Skinner Middle School Starts 100 Year Celebrations

**CORRECTION AT END OF ARTICLE**

Skinner Middle School turns 100 this year and the community is invited to help celebrate! School families, faculty, and staff are planning a number of events over the year, starting with the Fall Festival on Saturday, October 9, from 10am – 2pm, which is free and open to the community whether or not they have students at the school.

Kellie Beiers is the mother of a Skinner 8th grader and helping plan the 100 year celebrations. After participating in a similar celebration at Edison elementary a few years ago and seeing the community come together, she’s excited to be working with alumni and other parents spanning several generations. “There’s so many people who have stories,” said Beiers. “It’s good for our kids to see.”

Some of those stories will be on display at the festival: the Skinner team has been going through their vault of memorabilia: yearbooks, photo collages, and documents spanning decades. The public can take a walk through Skinner’s history, which is forever intertwined with the history of North Denver. 

The all outdoor festival will also have great food and fun carnival games for kids. There will also be student performances by Skinner students and North High School students, many of whom passed through Skinner’s halls just a few years ago. There’s even a cake for the school’s birthday.

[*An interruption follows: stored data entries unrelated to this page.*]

lemma sum_lessThan_four: "(\<Sum>q<4. f q) = f 0 + f 1 + f 2 + f (3::nat)"
  by (simp add: eval_nat_numeral)

lemma less_four_cases: "(q::nat) < 4 \<Longrightarrow> q = 0 \<or> q = 1 \<or> q = 2 \<or> q = 3"
  by auto

lemma cyc4_row_sum: "q < 4 \<Longrightarrow> (\<Sum>q'<4. cyc4 q q') = 0"
  unfolding sum_lessThan_four by (drule less_four_cases) (auto simp: cyc4_def)

lemma cyc4_gram:
  "q < 4 \<Longrightarrow> p < 4 \<Longrightarrow> (\<Sum>q'<4. cyc4 q q' * cyc4 p q') = (if q = p then 1 else 0) - 1/4"
  unfolding sum_lessThan_four by (drule less_four_cases, drule less_four_cases) (auto simp: cyc4_def)

lemma cyc4_upper_sum:
  "(\<Sum>q'<4. \<Sum>q<4. cyc4 q q' * (if q < q' then x else if q = q' then y else 0)) = 3/2 * x - y"
  unfolding sum_lessThan_four cyc4_def by (simp add: algebra_simps)

text \<open>The 4-ary Haar system: haar4 (L + 1) = I_4 \<otimes> haar4 L + cyc4 \<otimes> J / 4^L.\<close>
fun haar4 :: "nat \<Rightarrow> nat \<Rightarrow> nat \<Rightarrow> real" where
  "haar4 0 k j = 0"
| "haar4 (Suc L) k j =
     (if k div 4^L = j div 4^L then haar4 L (k mod 4^L) (j mod 4^L) else 0)
     + cyc4 (k div 4^L) (j div 4^L) / 4^L"

lemma haar4_Suc_block:
  assumes "r < 4^L" "r' < 4^L"
  shows "haar4 (Suc L) (q * 4^L + r) (q' * 4^L + r') =
         (if q = q' then haar4 L r r' else 0) + cyc4 q q' / 4^L"
  using assms by simp

lemma haar4_row_sum: "k < 4^L \<Longrightarrow> (\<Sum>j<4^L. haar4 L k j) = 0"
proof (induction L arbitrary: k)
  case 0 then show ?case by simp
next
  case (Suc L)
  define m :: nat where "m = 4^L"
  from Suc.prems obtain q r where qr: "q < 4" "r < m" "k = q * m + r"
    using lessThan_mult_decomp[of k 4 m] unfolding m_def by auto
  have "(\<Sum>j<4^Suc L. haar4 (Suc L) k j)
      = (\<Sum>q'<4. \<Sum>r'<m. (if q = q' then haar4 L r r' else 0) + cyc4 q q' / m)"
    unfolding m_def qr(3) using qr(2)
    by (simp add: sum_lessThan_mult m_def haar4_Suc_block del: haar4.simps)
  also have "\<dots> = (\<Sum>q'<4. (if q = q' then (\<Sum>r'<m. haar4 L r r') else 0) + cyc4 q q')"
    by (intro sum.cong refl) (simp add: sum.distrib m_def)
  also have "\<dots> = 0"
    using Suc.IH[of r] qr unfolding m_def by (simp add: sum.distrib cyc4_row_sum)
  finally show ?case .
qed

lemma haar4_gram:
  "k < 4^L \<Longrightarrow> l < 4^L \<Longrightarrow>
   (\<Sum>j<4^L. haar4 L k j * haar4 L l j) = (if k = l then 1 else 0) - 1 / 4^L"
proof (induction L arbitrary: k l)
  case 0 then show ?case by simp
next
  case (Suc L)
  define m :: nat where "m = 4^L"
  have m: "0 < m" unfolding m_def by simp
  from Suc.prems obtain q r where qr: "q < 4" "r < m" "k = q * m + r"
    using lessThan_mult_decomp[of k 4 m] unfolding m_def by auto
  from Suc.prems obtain p s where ps: "p < 4" "s < m" "l = p * m + s"
    using lessThan_mult_decomp[of l 4 m] unfolding m_def by auto
  have row: "(\<Sum>r'<m. haar4 L r r') = 0" "(\<Sum>r'<m. haar4 L s r') = 0"
    using haar4_row_sum qr(2) ps(2) unfolding m_def by blast+
  have "(\<Sum>j<4^Suc L. haar4 (Suc L) k j * haar4 (Suc L) l j) =
        (\<Sum>q'<4. \<Sum>r'<m. ((if q = q' then haar4 L r r' else 0) + cyc4 q q' / m)
                       * ((if p = q' then haar4 L s r' else 0) + cyc4 p q' / m))"
    unfolding m_def qr(3) ps(3) using qr(2) ps(2)
    by (simp add: sum_lessThan_mult m_def haar4_Suc_block del: haar4.simps)
  also have "\<dots> = (\<Sum>q'<4. (if q' = q \<and> p = q then (\<Sum>r'<m. haar4 L r r' * haar4 L s r') else 0)
                     + cyc4 q q' * cyc4 p q' / m)"
  proof (intro sum.cong refl)
    fix q' :: nat
    show "(\<Sum>r'<m. ((if q = q' then haar4 L r r' else 0) + cyc4 q q' / m)
                       * ((if p = q' then haar4 L s r' else 0) + cyc4 p q' / m)) =
          (if q' = q \<and> p = q then (\<Sum>r'<m. haar4 L r r' * haar4 L s r') else 0) + cyc4 q q' * cyc4 p q' / m"
      unfolding sum_add_mult_add card_lessThan using row m
      by (cases "q = q'"; cases "p = q'") (auto simp: field_simps)
  qed
  also have "\<dots> = (if q = p then (\<Sum>r'<m. haar4 L r r' * haar4 L s r') else 0)
                   + (\<Sum>q'<4. cyc4 q q' * cyc4 p q') / m"
    using qr(1) by (simp add: sum.distrib sum_divide_distrib[symmetric])
  also have "\<dots> = (if q = p then (if r = s then 1 else 0) - 1/m else 0) + ((if q = p then 1 else 0) - 1/4) / m"
    using Suc.IH[of r s] qr ps cyc4_gram unfolding m_def by simp
  also have "\<dots> = (if k = l then 1 else 0) - 1 / 4^Suc L"
  proof -
    have "k = l \<longleftrightarrow> q = p \<and> r = s"
      unfolding qr(3) ps(3) by (rule block_decomp_eq_iff[OF qr(2) ps(2)])
    then show ?thesis using m unfolding m_def
      by (cases "q = p"; cases "r = s") (simp_all add: field_simps)
  qed
  finally show ?case .
qed


definition haar4_upper_sum :: "nat \<Rightarrow> real" where
  "haar4_upper_sum L = (\<Sum>j<4^L. \<Sum>k<4^L. if k \<le> j then haar4 L k j else 0)"

lemma haar4_upper_sum_Suc: "haar4_upper_sum (Suc L) = 4 * haar4_upper_sum L + (4^L - 1/2)"
proof -
  define m :: nat where "m = 4^L"
  have m: "0 < m" unfolding m_def by simp
  define U where "U = (\<Sum>r'<m. \<Sum>r<m. if r \<le> r' then haar4 L r r' else 0)"
  let ?le = "\<lambda>q q' r r'. q < q' \<or> (q = q' \<and> r \<le> r')"
  have "haar4_upper_sum (Suc L) = (\<Sum>q'<4. \<Sum>r'<m. \<Sum>q<4. \<Sum>r<m.
          if ?le q q' r r' then (if q = q' then haar4 L r r' else 0) + cyc4 q q' / m else 0)"
    unfolding haar4_upper_sum_def power_Suc m_def[symmetric] sum_lessThan_mult
    by (intro sum.cong refl)
      (simp add: block_le_iff haar4_Suc_block m_def del: haar4.simps)
  also have "\<dots> = (\<Sum>q'<4. \<Sum>q<4. \<Sum>r'<m. \<Sum>r<m.
          if ?le q q' r r' then (if q = q' then haar4 L r r' else 0) + cyc4 q q' / m else 0)"
    by (rule sum.cong[OF refl], rule sum.swap)
  also have "\<dots> = (\<Sum>q'<4. \<Sum>q<4. (if q = q' then U else 0)
          + cyc4 q q' * (if q < q' then real m else if q = q' then (real m + 1) / 2 else 0))"
  proof (intro sum.cong refl)
    fix q q' :: nat
    have split: "(if c then x + t else 0) = (if c then x else 0) + t * (if c then 1 else (0::real))"
      for c x t by simp
    have "(\<Sum>r'<m. \<Sum>r<m. if ?le q q' r r' then (if q = q' then haar4 L r r' else 0) else 0)
        = (if q = q' then U else 0)"
      unfolding U_def by (cases "q = q'") (auto cong: if_cong)
    then show "(\<Sum>r'<m. \<Sum>r<m.
          if ?le q q' r r' then (if q = q' then haar4 L r r' else 0) + cyc4 q q' / m else 0)
        = (if q = q' then U else 0)
          + cyc4 q q' * (if q < q' then real m else if q = q' then (real m + 1) / 2 else 0)"
      unfolding split sum.distrib sum_distrib_left[symmetric] count_blocks_le using m by auto
  qed
  also have "\<dots> = 4 * U + (4^L - 1/2)"
    by (simp add: sum.distrib cyc4_upper_sum m_def field_simps)
  finally show ?thesis unfolding U_def m_def haar4_upper_sum_def .
qed

lemma haar4_upper_sum_ge: "real L * 4^L / 8 \<le> haar4_upper_sum L"
proof (induction L)
  case 0 then show ?case by (simp add: haar4_upper_sum_def)
next
  case (Suc L)
  have "real (Suc L) * 4^Suc L / 8 = 4 * (real L * 4^L / 8) + 4^L/2"
    by (simp add: field_simps)
  moreover have "(1::real) \<le> 4^L" by simp
  ultimately show ?case using Suc unfolding haar4_upper_sum_Suc by linarith
qed

lemma lg_four_power: "lg (4^L) = 2 * real L"
proof -
  have "(4::real)^L = 2^(2*L)" by (simp add: power_mult)
  then show ?thesis unfolding lg_def by (simp add: log_nat_power)
qed

lemma prefix_cost_ge_four_power:
  assumes n: "n = 4^L" and L: "1 \<le> L" and pd: "pos_definite n A"
  shows "real n * (lg (real n))\<^sup>2 / 256 \<le> prefix_cost n A"
proof -
  define S where "S = haar4_upper_sum L"
  have S: "real L * real n / 8 \<le> S" unfolding S_def n using haar4_upper_sum_ge[of L] by simp
  have "0 < real L * real n / 8" using L n by simp
  have "real n * (lg (real n))\<^sup>2 / 256 = (real L * real n / 8)\<^sup>2 / real n"
    using n by (simp add: lg_four_power power2_eq_square field_simps)
  also have "\<dots> \<le> S\<^sup>2 / real n"
    using S \<open>0 < real L * real n / 8\<close> by (intro divide_right_mono power_mono) auto
  also have "\<dots> \<le> prefix_cost n A"
  proof -
    have "S\<^sup>2 \<le> real n * prefix_cost n A"
      using S \<open>0 < real L * real n / 8\<close> pd haar4_gram[of _ L] unfolding n S_def haar4_upper_sum_def
      by (intro upper_sum_sq_le_prefix_cost) auto
    then show ?thesis using n by (simp add: field_simps)
  qed
  finally show ?thesis .
qed

section \<open>Upper bound\<close>

lemma bilin_form_sum_gram:
  assumes "\<And>k j. k < n \<Longrightarrow> j < n \<Longrightarrow> A k j = (\<Sum>l<L. \<Sum>b<m. C l k b * C l j b)"
  shows "bilin_form n A x y =
     (\<Sum>l<L. \<Sum>b<m. (\<Sum>k<n. C l k b * x k) * (\<Sum>j<n. C l j b * y j))"
proof -
  let ?f = "\<lambda>k j l b. x k * C l k b * C l j b * y j"
  have "bilin_form n A x y = (\<Sum>k<n. \<Sum>j<n. \<Sum>l<L. \<Sum>b<m. ?f k j l b)"
    unfolding bilin_form_def using assms
    by (intro sum.cong refl) (simp add: sum_distrib_left sum_distrib_right mult_ac)
  also have "\<dots> = (\<Sum>k<n. \<Sum>l<L. \<Sum>j<n. \<Sum>b<m. ?f k j l b)"
    by (rule sum.cong[OF refl], rule sum.swap)
  also have "\<dots> = (\<Sum>k<n. \<Sum>l<L. \<Sum>b<m. \<Sum>j<n. ?f k j l b)"
    by (rule sum.cong[OF refl], rule sum.cong[OF refl], rule sum.swap)
  also have "\<dots> = (\<Sum>l<L. \<Sum>k<n. \<Sum>b<m. \<Sum>j<n. ?f k j l b)"
    by (rule sum.swap)
  also have "\<dots> = (\<Sum>l<L. \<Sum>b<m. \<Sum>k<n. \<Sum>j<n. ?f k j l b)"
    by (rule sum.cong[OF refl], rule sum.swap)
  also have "\<dots> = (\<Sum>l<L. \<Sum>b<m. (\<Sum>k<n. C l k b * x k) * (\<Sum>j<n. C l j b * y j))"
    by (simp add: sum_product mult_ac)
  finally show ?thesis .
qed

text \<open>With y = C^T A^-1 v, the form v^T A^-1 v equals both \<langle>c, y\<rangle> and |y|^2, so it is
  at most |c|^2 by Cauchy--Schwarz.\<close>
lemma inverse_quad_form_le_of_factor:
  assumes inv: "is_inverse n A B"
    and A: "\<And>k j. k < n \<Longrightarrow> j < n \<Longrightarrow> A k j = (\<Sum>l<L. \<Sum>b<m. C l k b * C l j b)"
    and v: "\<And>k. k < n \<Longrightarrow> v k = (\<Sum>l<L. \<Sum>b<m. C l k b * c l b)"
  shows "quad_form n B v \<le> (\<Sum>l<L. \<Sum>b<m. (c l b)\<^sup>2)"
proof -
  define x where "x k = (\<Sum>l<n. B k l * v l)" for k
  define y where "y l b = (\<Sum>k<n. C l k b * x k)" for l b
  have Ax: "(\<Sum>j<n. A k j * x j) = v k" if "k < n" for k
    unfolding x_def using inv that by (rule is_inverse_apply)
  have Q: "quad_form n B v = (\<Sum>k<n. x k * v k)"
    unfolding quad_form_eq_inner_apply x_def by (simp add: mult.commute)
  have cy: "quad_form n B v = (\<Sum>l<L. \<Sum>b<m. c l b * y l b)"
  proof -
    have "(\<Sum>k<n. x k * v k) = (\<Sum>k<n. \<Sum>l<L. \<Sum>b<m. x k * C l k b * c l b)"
      using v by (intro sum.cong refl) (simp add: sum_distrib_left mult_ac)
    also have "\<dots> = (\<Sum>l<L. \<Sum>k<n. \<Sum>b<m. x k * C l k b * c l b)"
      by (rule sum.swap)
    also have "\<dots> = (\<Sum>l<L. \<Sum>b<m. \<Sum>k<n. x k * C l k b * c l b)"
      by (rule sum.cong[OF refl], rule sum.swap)
    finally show ?thesis
      unfolding Q y_def by (simp add: sum_distrib_left mult_ac)
  qed
  have yy: "quad_form n B v = (\<Sum>l<L. \<Sum>b<m. (y l b)\<^sup>2)"
  proof -
    have "(\<Sum>k<n. x k * v k) = bilin_form n A x x"
      unfolding bilin_form_eq_inner_apply using Ax by simp
    then show ?thesis
      using bilin_form_sum_gram[OF A, where x = x and y = x] unfolding Q y_def by (simp add: power2_eq_square)
  qed
  have "2 * quad_form n B v \<le> (\<Sum>l<L. \<Sum>b<m. (c l b)\<^sup>2) + (\<Sum>l<L. \<Sum>b<m. (y l b)\<^sup>2)"
    unfolding cy sum_distrib_left sum.distrib[symmetric]
    by (intro sum_mono) (metis sum_squares_bound mult.assoc)
  then show ?thesis using yy by simp
qed
lemma contingency_tables_iff:
  "A \<in> contingency_tables \<alpha> \<gamma> \<longleftrightarrow>
    (\<forall>r\<in>set A. length r = length \<alpha>) \<and> map sum_list A = \<gamma> \<and> colsums (length \<alpha>) A = \<alpha>"
proof (induct \<gamma> arbitrary: \<alpha> A)
  case Nil
  then show ?case
    using colsums_Nil_eq_iff by auto
next
  case (Cons c \<gamma>)
  show ?case
  proof (cases A)
    case row: (Cons r A')
    have "A \<in> contingency_tables \<alpha> (c # \<gamma>) \<longleftrightarrow>
        r \<in> lists_below \<alpha> \<and> sum_list r = c \<and> A' \<in> contingency_tables (list_diff \<alpha> r) \<gamma>"
      by (auto simp: row)
    also have "\<dots> \<longleftrightarrow> r \<in> lists_below \<alpha> \<and> sum_list r = c \<and> (\<forall>r'\<in>set A'. length r' = length \<alpha>) \<and>
        map sum_list A' = \<gamma> \<and> colsums (length \<alpha>) A' = list_diff \<alpha> r"
      using Cons.hyps[of A' "list_diff \<alpha> r"] by (auto simp: lists_below_iff)
    also have "\<dots> \<longleftrightarrow> (\<forall>r\<in>set A. length r = length \<alpha>) \<and> map sum_list A = c # \<gamma> \<and>
        colsums (length \<alpha>) A = \<alpha>"
    proof (cases "length r = length \<alpha>")
      case True
      then show ?thesis
        by (simp add: row colsums_Cons_eq_iff) blast
    qed (simp add: row lists_below_iff)
    finally show ?thesis .
  qed auto
qed

lemma sum_list_pos_iff: "0 < sum_list (xs :: nat list) \<longleftrightarrow> (\<exists>x\<in>set xs. 0 < x)"
  by (induct xs) auto
lemma reduced_mat_iff_is_comp:
  assumes "\<forall>r\<in>set A. length r = length \<alpha>" "map sum_list A = \<gamma>" "colsums (length \<alpha>) A = \<alpha>"
  shows "reduced_mat (length \<alpha>) A \<longleftrightarrow> is_comp \<alpha> \<and> is_comp \<gamma>"
proof -
  have rows: "is_comp \<gamma> \<longleftrightarrow> (\<forall>r\<in>set A. \<exists>x\<in>set r. x \<noteq> 0)"
    unfolding is_comp_def assms(2)[symmetric] by (simp add: sum_list_pos_iff)
  have column: "\<alpha> ! j \<noteq> 0 \<longleftrightarrow> (\<exists>r\<in>set A. r ! j \<noteq> 0)" if "j < length \<alpha>" for j
  proof -
    have "\<alpha> ! j = sum_list (map (\<lambda>r. r ! j) A)"
      using nth_colsums[OF that, of A] assms(3) by simp
    then show ?thesis
      by simp
  qed
  have "is_comp \<alpha> \<longleftrightarrow> (\<forall>j<length \<alpha>. \<alpha> ! j \<noteq> 0)"
    by (simp add: is_comp_def all_set_conv_all_nth)
  also have "\<dots> \<longleftrightarrow> (\<forall>j<length \<alpha>. \<exists>r\<in>set A. r ! j \<noteq> 0)"
    using column by auto
  finally have columns: "is_comp \<alpha> \<longleftrightarrow> (\<forall>j<length \<alpha>. \<exists>r\<in>set A. r ! j \<noteq> 0)" .
  show ?thesis
    unfolding reduced_mat_def rows columns using assms(1) by blast
qed

lemma red_mats_eq:
  "red_mats \<alpha> \<gamma> = (if is_comp \<alpha> \<and> is_comp \<gamma> then contingency_tables \<alpha> \<gamma> else {})"
proof -
  have "A \<in> red_mats \<alpha> \<gamma> \<longleftrightarrow> A \<in> contingency_tables \<alpha> \<gamma> \<and> is_comp \<alpha> \<and> is_comp \<gamma>" for A
  proof -
    have "reduced_mat (length \<alpha>) A \<Longrightarrow> \<forall>r\<in>set A. length r = length \<alpha>"
      by (simp add: reduced_mat_def)
    then show ?thesis
      using reduced_mat_iff_is_comp[of A \<alpha> \<gamma>]
      unfolding red_mats_def contingency_tables_iff mem_Collect_eq by blast
  qed
  then show ?thesis
    by auto
qed

context cc_graded_hopf
begin

lemma xi_one: "\<xi> \<alpha> 1 = (if \<forall>x\<in>set \<alpha>. x = 0 then 1 else 0)"
proof (cases "\<forall>x\<in>set \<alpha>. x = 0")
  case True
  then have "filter (\<lambda>x. x \<noteq> 0) \<alpha> = []"
    by (simp add: filter_empty_conv)
  then have "\<xi> \<alpha> = \<xi> []"
    using xi_filter_nonzero[of \<alpha>] by simp
  then show ?thesis
    using True by (simp add: counit_one)
qed (simp add: xi_Hn[OF one_in_H0])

The October festival is just the first event though, with a large celebration planned for April. In the meantime, the school is asking for alumni to share their memorabilia: photos, certificates, newspaper clippings, graduation pamphlets, or whatever else former Skinner students have that they want to share with the community. Alumni can engage by emailing copies of their memorabilia, or questions, to SkinnerDPS100@gmail.com.

Rebecca Caldwell, Marketing and Communications Coordinator for the school, said they are also designing special 100 year shirts and other items that should be available this year. 

The Denver North Star will be helping them celebrate too; be on the lookout for more about the 100 year celebrations next spring.

Our First Correction
It was bound to happen eventually: we ran something that was wrong and we wanted to let you know. Last month, we talked about Skinner’s 100 year anniversary, the school’s celebrations, and how you can get involved. One problem: during the course of researching the school, the celebration organizers and school officials realized that it’s actually their 99th year in operation. While Skinner was finished in 1921, the school didn’t open until 1922. 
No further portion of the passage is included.